(Exercise goal): From the entries below, retype only the lines from the one with "y \<in> ?S \<longleftrightarrow>" through the one with "x) \<longleftrightarrow> E y (pv", exactly as written.
*** Material for the task ***
text \<open>For an NA-vertex x the set N(x, x') is closed under w \<mapsto> w_b.\<close>
lemma even_a:
  assumes "NA x"
  shows "even a"
proof -
  let ?S = "common_nbrs V E x (pv x)"
  have x: "x \<in> V" "\<not> E x (bv x)"
    using assms by (simp_all add: NA_vertex_def)
  then have "pv x \<noteq> x" "pv x \<noteq> bv x"
    using adj_pvert not_adj_self by metis+
  then have "card ?S = a"
    using card_common_nbrs_other[OF x(1) pvert_in_V[OF x(1)]] by blast
  moreover have "{bv x, pv x, bv (pv x), pv (pv x)} = {bv x, pv x, pv (bv x), x}"
    using bvert_pvert_NA[OF assms] pvert_pvert_NA[OF assms] by simp
  moreover have "w \<notin> ?S" if "w \<in> {bv x, pv x, pv (bv x), x}" for w
    using that x(2) not_adj_self pvert_not_adj_pvert_bvert[OF assms]
    by (auto simp: common_nbrs_def)
  ultimately have "{w \<in> ?S. bv w \<notin> ?S} = {}"
    using common_nbr_with_bvert_outside by blast
  then show ?thesis
    using even_card_common_nbrs_iff[of x "pv x"] \<open>card ?S = a\<close> by (metis card.empty even_zero)
qed

text \<open>Parity count in N(x, y): apart from x' and y_b, its elements come in pairs {w, w_b}.\<close>
lemma NA_A_adj_bvert_iff_adj_pvert:
  assumes x: "NA x" and y: "A y"
  shows "E x (bv y) \<longleftrightarrow> E y (pv x)"
proof -
  let ?S = "common_nbrs V E x y"
  have xV: "x \<in> V" and yV: "y \<in> V"
    using x y by (simp_all add: NA_vertex_def A_vertex_def)
  have "card ?S = a"
    using card_common_nbrs_other[OF xV yV A_neq_NA(2)[OF y x] A_neq_NA(2)[OF y NA_bvert[OF x]]] .
  have "{w \<in> ?S. bv w \<notin> ?S} = {pv x, bv y} \<inter> ?S"
  proof (intro equalityI subsetI)
    fix w
    assume w: "w \<in> {w \<in> ?S. bv w \<notin> ?S}"
    then have "w \<in> {bv x, pv x, bv y, pv y}"
      using common_nbr_with_bvert_outside by blast
    moreover have "bv x \<notin> ?S"
      using x by (auto simp: NA_vertex_def common_nbrs_def dest: adj_sym)
    ultimately show "w \<in> {pv x, bv y} \<inter> ?S"
      using w pvert_A[OF y] by auto
  next
    fix w
    assume w: "w \<in> {pv x, bv y} \<inter> ?S"
    have "bv (pv x) \<notin> ?S"
      using pvert_not_adj_bvert[OF bvert_in_V[OF xV]] bvert_bvert[OF xV] bvert_pvert_NA[OF x]
      by (auto simp: common_nbrs_def dest: adj_sym)
    moreover have "bv (bv y) \<notin> ?S"
      using bvert_bvert[OF yV] not_adj_self by (simp add: common_nbrs_def)
    ultimately show "w \<in> {w \<in> ?S. bv w \<notin> ?S}"
      using w by auto
  qed
  moreover have "pv x \<noteq> bv y"
    using A_neq_NA(1)[OF A_bvert[OF y] NA_pvert[OF x]] .
  then have "even (card ({pv x, bv y} \<inter> ?S)) \<longleftrightarrow> (pv x \<in> ?S \<longleftrightarrow> bv y \<in> ?S)"
    by (cases "pv x \<in> ?S"; cases "bv y \<in> ?S") auto
  ultimately have "pv x \<in> ?S \<longleftrightarrow> bv y \<in> ?S"
    using \<open>card ?S = a\<close> even_a[OF x] even_card_common_nbrs_iff[of x y] by simp
  moreover have "pv x \<in> ?S \<longleftrightarrow> E y (pv x)"
    using adj_pvert[OF xV] pvert_in_V[OF xV] by (auto simp: common_nbrs_def dest: adj_sym)
  moreover have "bv y \<in> ?S \<longleftrightarrow> E x (bv y)"
    using y bvert_in_V[OF yV] by (auto simp: A_vertex_def common_nbrs_def dest: adj_sym)
  ultimately show ?thesis
    by blast
qed

lemma NA_A_adj_iff_adj:
  assumes x: "NA x" and y: "A y"
    and u: "u \<in> {x, pv x, bv x, pv (bv x)}" and w: "w \<in> {y, bv y}"
  shows "E u w \<longleftrightarrow> E x y"
proof -
  have xV: "x \<in> V" and yV: "y \<in> V"
    using x y by (simp_all add: NA_vertex_def A_vertex_def)
  have NA_x': "NA (pv x)" and NA_xb: "NA (bv x)" and NA_xb': "NA (bv (pv x))"
    using NA_pvert[OF x] NA_bvert[OF x] NA_bvert[OF NA_pvert[OF x]] .
  have NA_u: "NA u"
    using u x NA_x' NA_xb NA_pvert[OF NA_xb] by (elim insertE emptyE) simp_all
  then have "u \<in> V"
    by (simp add: NA_vertex_def)
  have "E u (bv y) \<longleftrightarrow> E u y"
    using adj_A_bvert_iff[OF y \<open>u \<in> V\<close> A_neq_NA(1)[OF y NA_u] A_neq_NA(1)[OF A_bvert[OF y] NA_u]] .
  with w have "E u w \<longleftrightarrow> E u y"
    by blast
  moreover have "E y u \<longleftrightarrow> E y x"
  proof -
    have x'_iff: "E y (pv x) \<longleftrightarrow> E y x"
      using NA_A_adj_bvert_iff_adj_pvert[OF x y] adj_A_bvert_iff[OF y xV]
        A_neq_NA[OF y x] A_neq_NA[OF A_bvert[OF y] x] adj_sym by blast
    have "E y (pv x) \<longleftrightarrow> E y (pv (bv x))"
      using adj_pvert_iff_adj_pvert_bvert[OF xV yV A_neq_NA(2)[OF y x] A_neq_NA(2)[OF y NA_xb]] .
    with x'_iff have xb'_iff: "E y (pv (bv x)) \<longleftrightarrow> E y x"
      by simp
    have "E y (pv (pv x)) \<longleftrightarrow> E y (pv (bv (pv x)))"
      using adj_pvert_iff_adj_pvert_bvert[OF pvert_in_V[OF xV] yV]
        A_neq_NA(2)[OF y NA_x'] A_neq_NA(2)[OF y NA_xb'] by blast
    then have xb_iff: "E y (bv x) \<longleftrightarrow> E y x"
      by (simp only: pvert_pvert_NA[OF x] bvert_pvert_NA[OF x] pvert_pvert_NA[OF NA_xb])
    from u show ?thesis
      using x'_iff xb'_iff xb_iff by (elim insertE emptyE) simp_all
  qed
  moreover have "E u y \<longleftrightarrow> E y u" and "E y x \<longleftrightarrow> E x y"
    using adj_sym by blast+
  ultimately show ?thesis
    by simp
qed

end

theorem lemma18:
  fixes V :: "'v set" and E :: "'v \<Rightarrow> 'v \<Rightarrow> bool" and n k a :: nat and x y :: 'v
  assumes deza: "deza_graph V E n k (k - 1) a"
    and k1: "k > 1"
    and beta1: "\<forall>v \<in> V. beta_at V E (k - 1) v = 1"
    and NAx: "NA_vertex V E (k - 1) x"
    and Ay: "A_vertex V E (k - 1) y"
  shows "(E x y \<longrightarrow>
            y \<in> common_nbrs V E x (pvert V E (k - 1) x) \<and>
            bvert V E (k - 1) y \<in> common_nbrs V E x (pvert V E (k - 1) x))
       \<and> ((\<forall>u \<in> {x, pvert V E (k - 1) x, bvert V E (k - 1) x,
                   pvert V E (k - 1) (bvert V E (k - 1) x)}.
              \<forall>w \<in> {y, bvert V E (k - 1) y}. E u w)
          \<or> (\<forall>u \<in> {x, pvert V E (k - 1) x, bvert V E (k - 1) x,
                   pvert V E (k - 1) (bvert V E (k - 1) x)}.
              \<forall>w \<in> {y, bvert V E (k - 1) y}. \<not> E u w))"
proof -
  interpret deza_beta1 V E n k a
    using deza k1 beta1 by unfold_locales
  have adj_iff: "E u w \<longleftrightarrow> E x y"
    if "u \<in> {x, pv x, bv x, pv (bv x)}" "w \<in> {y, bv y}" for u w
    using NA_A_adj_iff_adj[OF NAx Ay that] .
  have "y \<in> V" "bv y \<in> V"
    using Ay bvert_in_V by (simp_all add: A_vertex_def)
  then have "E x y \<longrightarrow> y \<in> common_nbrs V E x (pv x) \<and> bv y \<in> common_nbrs V E x (pv x)"
    using adj_iff[of "pv x" y] adj_iff[of x "bv y"] adj_iff[of "pv x" "bv y"]
    by (simp add: common_nbrs_def)
  moreover have "(\<forall>u \<in> {x, pv x, bv x, pv (bv x)}. \<forall>w \<in> {y, bv y}. E u w)
      \<or> (\<forall>u \<in> {x, pv x, bv x, pv (bv x)}. \<forall>w \<in> {y, bv y}. \<not> E u w)"
    using adj_iff by blast
  ultimately show ?thesis
    by blast
qed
*** End of Material for the task ***
(Answer for this exercise):
  moreover have "bv y \<in> ?S \<longleftrightarrow> E x (bv y)"
    using y bvert_in_V[OF yV] by (auto simp: A_vertex_def common_nbrs_def dest: adj_sym)
  ultimately show ?thesis
    by blast
qed

lemma NA_A_adj_iff_adj:
  assumes x: "NA x" and y: "A y"
    and u: "u \<in> {x, pv x, bv x, pv (bv x)}" and w: "w \<in> {y, bv y}"
  shows "E u w \<longleftrightarrow> E x y"
proof -
  have xV: "x \<in> V" and yV: "y \<in> V"
    using x y by (simp_all add: NA_vertex_def A_vertex_def)
  have NA_x': "NA (pv x)" and NA_xb: "NA (bv x)" and NA_xb': "NA (bv (pv x))"
    using NA_pvert[OF x] NA_bvert[OF x] NA_bvert[OF NA_pvert[OF x]] .
  have NA_u: "NA u"
    using u x NA_x' NA_xb NA_pvert[OF NA_xb] by (elim insertE emptyE) simp_all
  then have "u \<in> V"
    by (simp add: NA_vertex_def)
  have "E u (bv y) \<longleftrightarrow> E u y"
    using adj_A_bvert_iff[OF y \<open>u \<in> V\<close> A_neq_NA(1)[OF y NA_u] A_neq_NA(1)[OF A_bvert[OF y] NA_u]] .
  with w have "E u w \<longleftrightarrow> E u y"
    by blast
  moreover have "E y u \<longleftrightarrow> E y x"
  proof -
    have x'_iff: "E y (pv x) \<longleftrightarrow> E y x"
      using NA_A_adj_bvert_iff_adj_pvert[OF x y] adj_A_bvert_iff[OF y xV]
        A_neq_NA[OF y x] A_neq_NA[OF A_bvert[OF y] x] adj_sym by blast
    have "E y (pv x) \<longleftrightarrow> E y (pv (bv x))"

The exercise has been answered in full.